### DATA SHOWN

(* Let $\mathbb{K}$ be a field of characteristic $2$, let $(A,\cdot,\{-,-\},(-)^{\{2\}})$ be a restricted Poisson algebra, let $k\ge1$, and let $(A^t_k,\cdot,\mu_{(k)},\omega_{(k)})$ be a formal deformation of order $k$ of $A$, where $\mu_{(k)}=\{-,-\}+\sum_{i=1}^kt^i\mu_i$ and $\omega_{(k)}=(-)^{\{2\}}+\sum_{i=1}^kt^i\omega_i$. Let $(\mu_{k+1},\omega_{k+1})\in C^2_{\rm PA}(A)$ and set $\mu_{(k+1)}=\mu_{(k)}+t^{k+1}\mu_{k+1}$, $\omega_{(k+1)}=\omega_{(k)}+t^{k+1}\omega_{k+1}$. Then $(A^t_{k+1},\cdot,\mu_{(k+1)},\omega_{(k+1)})$ is a formal deformation of order $k+1$ of $A$ if and only if $(\mathrm{obs}^{(1)}_{k+1},\mathrm{obs}^{(2)}_{k+1})=\mathrm{d}^2_{\rm PA}(\mu_{k+1},\omega_{k+1})$, where for $x,y,z\in A$, $\mathrm{obs}^{(1)}_{k+1}(x,y,z)=\sum_{i=1}^k\big(\mu_i(x,\mu_{k+1-i}(y,z))+\mu_i(y,\mu_{k+1-i}(z,x))+\mu_i(z,\mu_{k+1-i}(x,y))\big)$ and $\mathrm{obs}^{(2)}_{k+1}(x,y)=\sum_{i=1}^k\big(\mu_i(y,\omega_{k+1-i}(x))+\mu_i(x,\mu_{k+1-i}(x,y))\big)$.
   Context: $\mathbb{K}$ has characteristic $2$. Restricted Poisson algebra: commutative associative $(A,\cdot)$ with Lie bracket satisfying $\{ab,c\}=a\{b,c\}+b\{a,c\}$, with a map $(-)^{\{2\}}$ making $(A,\{,\})$ a restricted Lie algebra ($(\lambda x)^{\{2\}}=\lambda^2x^{\{2\}}$, $\mathrm{ad}_{x^{\{2\}}}=\mathrm{ad}_x^2$, $(x+y)^{\{2\}}=x^{\{2\}}+y^{\{2\}}+\{x,y\}$) and $(xy)^{\{2\}}=x^2y^{\{2\}}+y^2x^{\{2\}}+xy\{x,y\}$. $\mathfrak{X}^k(A)$: alternating $k$-linear maps $A^k\to A$ that are derivations of $\cdot$ in each argument. For $n\ge2$, $C^n_{\rm PA}(A)$ = pairs $(\varphi,\omega)$ with $\varphi\in\mathfrak{X}^n(A)$, $\omega:A\times A^{n-2}\to A$ alternating multilinear in the last $n-2$ arguments, $\omega(\lambda x,z)=\lambda^2\omega(x,z)$, $\omega(x+y,z)=\omega(x,z)+\omega(y,z)+\varphi(x,y,z)$, $\omega(xy,z)=x^2\omega(y,z)+y^2\omega(x,z)+xy\varphi(x,y,z)$, $\omega(x,..,z_iz_i',..)=z_i\omega(x,..,z_i',..)+z_i'\omega(x,..,z_i,..)$. $\mathrm{d}^2_{\rm PA}(\varphi,\omega)=(\mathrm{d}_{\rm CE}\varphi,\delta^2\omega)$ with $\mathrm{d}_{\rm CE}\varphi(x,y,z)=\varphi(\{x,y\},z)+\varphi(\{x,z\},y)+\varphi(\{y,z\},x)+\{x,\varphi(y,z)\}+\{y,\varphi(x,z)\}+\{z,\varphi(x,y)\}$ and $\delta^2\omega(x,z)=\{x,\varphi(x,z)\}+\{z,\omega(x)\}+\varphi(x^{\{2\}},z)+\varphi(\{x,z\},x)$. $\mathbb{K}^t_k=\mathbb{K}[t]/(t^{k+1})$, $A^t_k=A\otimes\mathbb{K}^t_k$. A formal deformation of order $k$ is given by $\mu_{(k)},\omega_{(k)}$ as in the claim with all $(\mu_i,\omega_i)\in C^2_{\rm PA}(A)$ such that $(A^t_k,\mu_{(k)},\omega_{(k)})$ is a restricted Lie algebra over $\mathbb{K}^t_k$ (with $\mu_{(k)}$ extended $\mathbb{K}^t_k$-bilinearly and $\omega_{(k)}$ extended by $\omega(\lambda X)=\lambda^2\omega(X)$, $\omega(X+Y)=\omega(X)+\omega(Y)+\mu(X,Y)$). *)

theory Defs
  imports Main "HOL.Modules"
begin

text \<open>The ground field is a type 'k of class field; the algebra A is a type 'a
of class comm_ring (commutative, associative, not necessarily unital), made into a
'k-algebra by a scalar multiplication sm, which is a 'k-module structure (library locale
module) such that the product is 'k-bilinear.\<close>

definition k_algebra :: "('k::field \<Rightarrow> 'a::comm_ring \<Rightarrow> 'a) \<Rightarrow> bool" where
  "k_algebra sm \<longleftrightarrow> module sm \<and>
     (\<forall>c x y. sm c (x * y) = sm c x * y) \<and> (\<forall>c x y. sm c (x * y) = x * sm c y)"

definition restricted_poisson ::
  "('k::field \<Rightarrow> 'a::comm_ring \<Rightarrow> 'a) \<Rightarrow> ('a \<Rightarrow> 'a \<Rightarrow> 'a) \<Rightarrow> ('a \<Rightarrow> 'a) \<Rightarrow> bool" where
  "restricted_poisson sm br p2 \<longleftrightarrow> k_algebra sm \<and>
     \<comment> \<open>Lie bracket: bilinear, alternating, Jacobi\<close>
     (\<forall>x y z. br (x + y) z = br x z + br y z) \<and>
     (\<forall>x y z. br x (y + z) = br x y + br x z) \<and>
     (\<forall>c x y. br (sm c x) y = sm c (br x y)) \<and>
     (\<forall>c x y. br x (sm c y) = sm c (br x y)) \<and>
     (\<forall>x. br x x = 0) \<and>
     (\<forall>x y z. br x (br y z) + br y (br z x) + br z (br x y) = 0) \<and>
     \<comment> \<open>Leibniz rule\<close>
     (\<forall>a b c. br (a * b) c = a * br b c + b * br a c) \<and>
     \<comment> \<open>restricted Lie algebra\<close>
     (\<forall>c x. p2 (sm c x) = sm (c ^ 2) (p2 x)) \<and>
     (\<forall>x y. br (p2 x) y = br x (br x y)) \<and>
     (\<forall>x y. p2 (x + y) = p2 x + p2 y + br x y) \<and>
     \<comment> \<open>compatibility with the product\<close>
     (\<forall>x y. p2 (x * y) = x * x * p2 y + y * y * p2 x + x * y * br x y)"

definition biderivation ::
  "('k::field \<Rightarrow> 'a::comm_ring \<Rightarrow> 'a) \<Rightarrow> ('a \<Rightarrow> 'a \<Rightarrow> 'a) \<Rightarrow> bool" where
  "biderivation sm \<phi> \<longleftrightarrow>
     (\<forall>x y z. \<phi> (x + y) z = \<phi> x z + \<phi> y z) \<and>
     (\<forall>x y z. \<phi> x (y + z) = \<phi> x y + \<phi> x z) \<and>
     (\<forall>c x y. \<phi> (sm c x) y = sm c (\<phi> x y)) \<and>
     (\<forall>c x y. \<phi> x (sm c y) = sm c (\<phi> x y)) \<and>
     (\<forall>x. \<phi> x x = 0) \<and>
     (\<forall>a b c. \<phi> (a * b) c = a * \<phi> b c + b * \<phi> a c) \<and>
     (\<forall>a b c. \<phi> c (a * b) = a * \<phi> c b + b * \<phi> c a)"

definition C2PA ::
  "('k::field \<Rightarrow> 'a::comm_ring \<Rightarrow> 'a) \<Rightarrow> ('a \<Rightarrow> 'a \<Rightarrow> 'a) \<Rightarrow> ('a \<Rightarrow> 'a) \<Rightarrow> bool" where
  "C2PA sm \<phi> \<omega> \<longleftrightarrow> biderivation sm \<phi> \<and>
     (\<forall>c x. \<omega> (sm c x) = sm (c ^ 2) (\<omega> x)) \<and>
     (\<forall>x y. \<omega> (x + y) = \<omega> x + \<omega> y + \<phi> x y) \<and>
     (\<forall>x y. \<omega> (x * y) = x * x * \<omega> y + y * y * \<omega> x + x * y * \<phi> x y)"

text \<open>The differential d^2_PA = (d_CE, delta^2).\<close>

definition dCE :: "('a::comm_ring \<Rightarrow> 'a \<Rightarrow> 'a) \<Rightarrow> ('a \<Rightarrow> 'a \<Rightarrow> 'a) \<Rightarrow> 'a \<Rightarrow> 'a \<Rightarrow> 'a \<Rightarrow> 'a" where
  "dCE br \<phi> x y z = \<phi> (br x y) z + \<phi> (br x z) y + \<phi> (br y z) x
      + br x (\<phi> y z) + br y (\<phi> x z) + br z (\<phi> x y)"

definition delta2 ::
  "('a::comm_ring \<Rightarrow> 'a \<Rightarrow> 'a) \<Rightarrow> ('a \<Rightarrow> 'a) \<Rightarrow> ('a \<Rightarrow> 'a \<Rightarrow> 'a) \<Rightarrow> ('a \<Rightarrow> 'a) \<Rightarrow> 'a \<Rightarrow> 'a \<Rightarrow> 'a" where
  "delta2 br p2 \<phi> \<omega> x z = br x (\<phi> x z) + br z (\<omega> x) + \<phi> (p2 x) z + \<phi> (br x z) x"

text \<open>Truncated polynomial ring K^t_k = K[t]/(t^(k+1)) and A^t_k = A \<otimes> K^t_k:
 elements are coefficient sequences vanishing above degree k.\<close>

definition tK :: "nat \<Rightarrow> (nat \<Rightarrow> 'k::field) set" where
  "tK k = {l. \<forall>j>k. l j = 0}"

definition tA :: "nat \<Rightarrow> (nat \<Rightarrow> 'a::comm_ring) set" where
  "tA k = {X. \<forall>j>k. X j = 0}"

definition tadd :: "(nat \<Rightarrow> 'a::comm_ring) \<Rightarrow> (nat \<Rightarrow> 'a) \<Rightarrow> nat \<Rightarrow> 'a" where
  "tadd X Y = (\<lambda>n. X n + Y n)"

definition tmulK :: "nat \<Rightarrow> (nat \<Rightarrow> 'k::field) \<Rightarrow> (nat \<Rightarrow> 'k) \<Rightarrow> nat \<Rightarrow> 'k" where
  "tmulK k l m = (\<lambda>n. if n \<le> k then (\<Sum>i\<le>n. l i * m (n - i)) else 0)"

definition tsmul ::
  "nat \<Rightarrow> ('k::field \<Rightarrow> 'a::comm_ring \<Rightarrow> 'a) \<Rightarrow> (nat \<Rightarrow> 'k) \<Rightarrow> (nat \<Rightarrow> 'a) \<Rightarrow> nat \<Rightarrow> 'a" where
  "tsmul k sm l X = (\<lambda>n. if n \<le> k then (\<Sum>i\<le>n. sm (l i) (X (n - i))) else 0)"

text \<open>K^t_k-bilinear extension of mu_(k) = sum_i t^i mu_i (mu i for i = 0..k).\<close>

definition tbr ::
  "nat \<Rightarrow> (nat \<Rightarrow> 'a::comm_ring \<Rightarrow> 'a \<Rightarrow> 'a) \<Rightarrow> (nat \<Rightarrow> 'a) \<Rightarrow> (nat \<Rightarrow> 'a) \<Rightarrow> nat \<Rightarrow> 'a" where
  "tbr k mu X Y = (\<lambda>n. if n \<le> k then
      (\<Sum>i\<le>n. \<Sum>j\<le>n - i. mu i (X j) (Y (n - i - j))) else 0)"

text \<open>Extension of omega_(k) = sum_i t^i omega_i to A^t_k determined by
 omega(lambda X) = lambda^2 omega(X), omega(X+Y) = omega X + omega Y + mu(X,Y):
 omega(sum_j t^j X_j) = sum_j t^(2j) omega(X_j) + sum_(j<l) t^(j+l) mu(X_j, X_l).\<close>

definition tom ::
  "nat \<Rightarrow> (nat \<Rightarrow> 'a::comm_ring \<Rightarrow> 'a \<Rightarrow> 'a) \<Rightarrow> (nat \<Rightarrow> 'a \<Rightarrow> 'a) \<Rightarrow> (nat \<Rightarrow> 'a) \<Rightarrow> nat \<Rightarrow> 'a" where
  "tom k mu om X = (\<lambda>n. if n \<le> k then
      (\<Sum>j\<le>n. if 2 * j \<le> n then om (n - 2 * j) (X j) else 0)
    + (\<Sum>j\<le>n. \<Sum>l\<le>n. if j < l \<and> j + l \<le> n then mu (n - j - l) (X j) (X l) else 0)
    else 0)"

definition restricted_lie_trunc ::
  "nat \<Rightarrow> ('k::field \<Rightarrow> 'a::comm_ring \<Rightarrow> 'a) \<Rightarrow> (nat \<Rightarrow> 'a \<Rightarrow> 'a \<Rightarrow> 'a) \<Rightarrow> (nat \<Rightarrow> 'a \<Rightarrow> 'a) \<Rightarrow> bool" where
  "restricted_lie_trunc k sm mu om \<longleftrightarrow>
     (\<forall>X\<in>tA k. \<forall>Y\<in>tA k. \<forall>Z\<in>tA k. \<forall>l\<in>(tK k :: (nat \<Rightarrow> 'k) set).
        tbr k mu (tadd X Y) Z = tadd (tbr k mu X Z) (tbr k mu Y Z) \<and>
        tbr k mu X (tadd Y Z) = tadd (tbr k mu X Y) (tbr k mu X Z) \<and>
        tbr k mu (tsmul k sm l X) Y = tsmul k sm l (tbr k mu X Y) \<and>
        tbr k mu X (tsmul k sm l Y) = tsmul k sm l (tbr k mu X Y) \<and>
        tbr k mu X X = (\<lambda>n. 0) \<and>
        tadd (tadd (tbr k mu X (tbr k mu Y Z)) (tbr k mu Y (tbr k mu Z X)))
             (tbr k mu Z (tbr k mu X Y)) = (\<lambda>n. 0) \<and>
        tom k mu om (tsmul k sm l X) = tsmul k sm (tmulK k l l) (tom k mu om X) \<and>
        tbr k mu (tom k mu om X) Y = tbr k mu X (tbr k mu X Y) \<and>
        tom k mu om (tadd X Y) = tadd (tadd (tom k mu om X) (tom k mu om Y)) (tbr k mu X Y))"

text \<open>Formal deformation of order k: mu_(k) = br + sum_(i=1..k) t^i mus i,
 omega_(k) = p2 + sum_(i=1..k) t^i oms i (values of mus, oms at 0 and above k are ignored).\<close>

definition formal_deformation ::
  "('k::field \<Rightarrow> 'a::comm_ring \<Rightarrow> 'a) \<Rightarrow> ('a \<Rightarrow> 'a \<Rightarrow> 'a) \<Rightarrow> ('a \<Rightarrow> 'a) \<Rightarrow> nat
     \<Rightarrow> (nat \<Rightarrow> 'a \<Rightarrow> 'a \<Rightarrow> 'a) \<Rightarrow> (nat \<Rightarrow> 'a \<Rightarrow> 'a) \<Rightarrow> bool" where
  "formal_deformation sm br p2 k mus oms \<longleftrightarrow>
     (\<forall>i\<in>{1..k}. C2PA sm (mus i) (oms i)) \<and>
     restricted_lie_trunc k sm (mus(0 := br)) (oms(0 := p2))"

######

== WORK REQUIRED ==
Where does the word "tmulK" occur in the records? Return every line that holds it.

== RESPONSE TO THIS TASK ==
definition tmulK :: "nat \<Rightarrow> (nat \<Rightarrow> 'k::field) \<Rightarrow> (nat \<Rightarrow> 'k) \<Rightarrow> nat \<Rightarrow> 'k" where
  "tmulK k l m = (\<lambda>n. if n \<le> k then (\<Sum>i\<le>n. l i * m (n - i)) else 0)"
        tom k mu om (tsmul k sm l X) = tsmul k sm (tmulK k l l) (tom k mu om X) \<and>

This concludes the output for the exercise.